While liberal institutionalists have generally avoided discussion of security institutions, one could still conceptualize both the concert and the Holy Alliance as regimes, without any reference to identity. There is a case to be made for this argument. Certainly states can cooperate to achieve mutual gains without sharing a common identity. Indeed, the appeal of institutionalist theories is their minimalism; they only require an overlapping interest to account for the creation of a regime. At the same time, the evidence presented in the cases suggest that this is insufficient for several reasons.

First, the level of commitment and cohesion required to maintain the concert and the Holy Alliance was far greater than that which can be explained by a simple regime. These institutions went beyond coordinating policies in given issue areas. They were based on the idea that there was some common good that superseded (and was not just consistent with) individual interest. 11   While regimes are reducible to the sum total of individual interest, chapter 3 suggests that the great power and monarchic communities each had an existence independent of its individual members. Both the concert and the alliance constituted social groups as defined in chapter 2, something that goes beyond regimes.

Second, the nature of the discourse suggests that the members also viewed themselves as constituting a unique group. The great powers and monarchs distinguished themselves as a group from the other states of Europe and spoke in terms that went beyond simple mutual interest. The norms and social roles were not only functional mechanisms for regulating behavior, they helped to create new categories of actors (great power monarchs) with expectations that went beyond those of other sovereign states.

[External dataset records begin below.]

lemma nb_walks_unique:
  assumes "simple_graph V E" "girth_at_least V E g"
  shows "nb_walk V E xs \<Longrightarrow> nb_walk V E ys \<Longrightarrow> hd xs = hd ys \<Longrightarrow> last xs = last ys
    \<Longrightarrow> length xs + length ys \<le> Suc g \<Longrightarrow> xs = ys"
proof (induction xs arbitrary: ys)
  case Nil
  then show ?case by (simp add: nb_walk_def walk_def)
next
  case (Cons u xs)
  have ys: "ys \<noteq> []" using Cons.prems(2) by (simp add: nb_walk_def walk_def)
  show ?case
  proof (cases "xs = [] \<or> tl ys = []")
    case True
    have "tl ys = [] \<and> xs = []"
    proof (cases "xs = []")
      case True
      then have "hd ys = last ys" using Cons.prems(3,4) by simp
      then show ?thesis using True short_closed_nb_walk[OF assms Cons.prems(2)] Cons.prems(5) by simp
    next
      case False
      then obtain v where "ys = [v]" using \<open>xs = [] \<or> tl ys = []\<close> ys by (cases ys) auto
      then have "hd (u # xs) = last (u # xs)" using Cons.prems(3,4) by simp
      then have "tl (u # xs) = []"
        using short_closed_nb_walk[OF assms Cons.prems(1)] Cons.prems(5) \<open>ys = [v]\<close> by simp
      then show ?thesis using False by simp
    qed
    then show ?thesis using Cons.prems(3) ys by (cases ys) auto
  next
    case False
    then obtain x xs' y ys' where xs: "xs = x # xs'" and ys: "ys = u # y # ys'"
      using ys Cons.prems(3) by (cases xs; cases ys; cases "tl ys") auto
    show ?thesis
    proof (cases "x = y")
      case True
      then show ?thesis using Cons.IH[of "y # ys'"] Cons.prems xs ys nb_walk_Cons by fastforce
    next
      case False
      \<comment> \<open>the walks leave u in different directions and glue to a short closed walk\<close>
      define W where "W = rev (y # ys') @ u # xs"
      have "nb_walk V E W" unfolding W_def
        by (rule nb_walk_join)
          (use Cons.prems(1) nb_walk_rev[OF assms(1) Cons.prems(2)] ys False xs in auto)
      moreover have "hd W = last W" using Cons.prems(4) ys xs by (simp add: W_def hd_rev)
      moreover have "length W \<le> g" using Cons.prems(5) ys by (simp add: W_def)
      ultimately have "tl W = []" by (rule short_closed_nb_walk[OF assms])
      then show ?thesis by (cases "rev ys'") (simp_all add: W_def)
    qed
  qed
qed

Finally, the study suggests possibilities for future research. First, a deeper examination of domestic politics would provide a better understanding of the tension between transnational solidarity and domestic parochialism. This book focused primarily on systemic variables by examining how the interaction between state elites can lead to the development of transnational identities. To accomplish this, I held domestic politics constant by assuming that the elites of the ruling coalition represent the outcome of domestic political struggle. This was useful for examining the link between process and structure. Still, at least part of the variance in identity can be explained by this struggle and thus it would be useful to bring these processes into the picture. While chapter 4 did offer a greater focus on the internal dynamics of the German states, a more sustained study could only increase our knowledge.

Second, our understanding of transnational identities and the construction of cohesive security arrangements would benefit from a comparative study that examines cases where states sought to create transnational communities but failed. The empirical chapters examined three cases in which states successfully constructed cohesive security arrangements. This enabled me to trace the dynamics that led to the transformation of balance of power systems into community-based systems. However, now that the groundwork for studying transnational identity formation has been established, one can use these process variables to examine a wider range of cases. For example, why did the Italian state system successfully amalgamate in the nineteenth century but the Arab state system fail to do so in the twentieth? Why did the five great powers develop a common identity among themselves after the Napoleonic wars but fail to do so after World War I?

 

Implications for the Post–Cold War Order

If the type of transnational identity that is shared by a given group of states determines the type of security system they construct, we should be able to make broad predictions about future trends, given a specific set of conditions. While it is admittedly difficult to detect a community consciousness as it develops, we can find trends in patterns of thought and deed by using discourse analysis and an interpretation of behavior. All this leads to the proposition that if political leaders are conscious of their political attachments with other states they can make choices that either strengthen or weaken these attachments.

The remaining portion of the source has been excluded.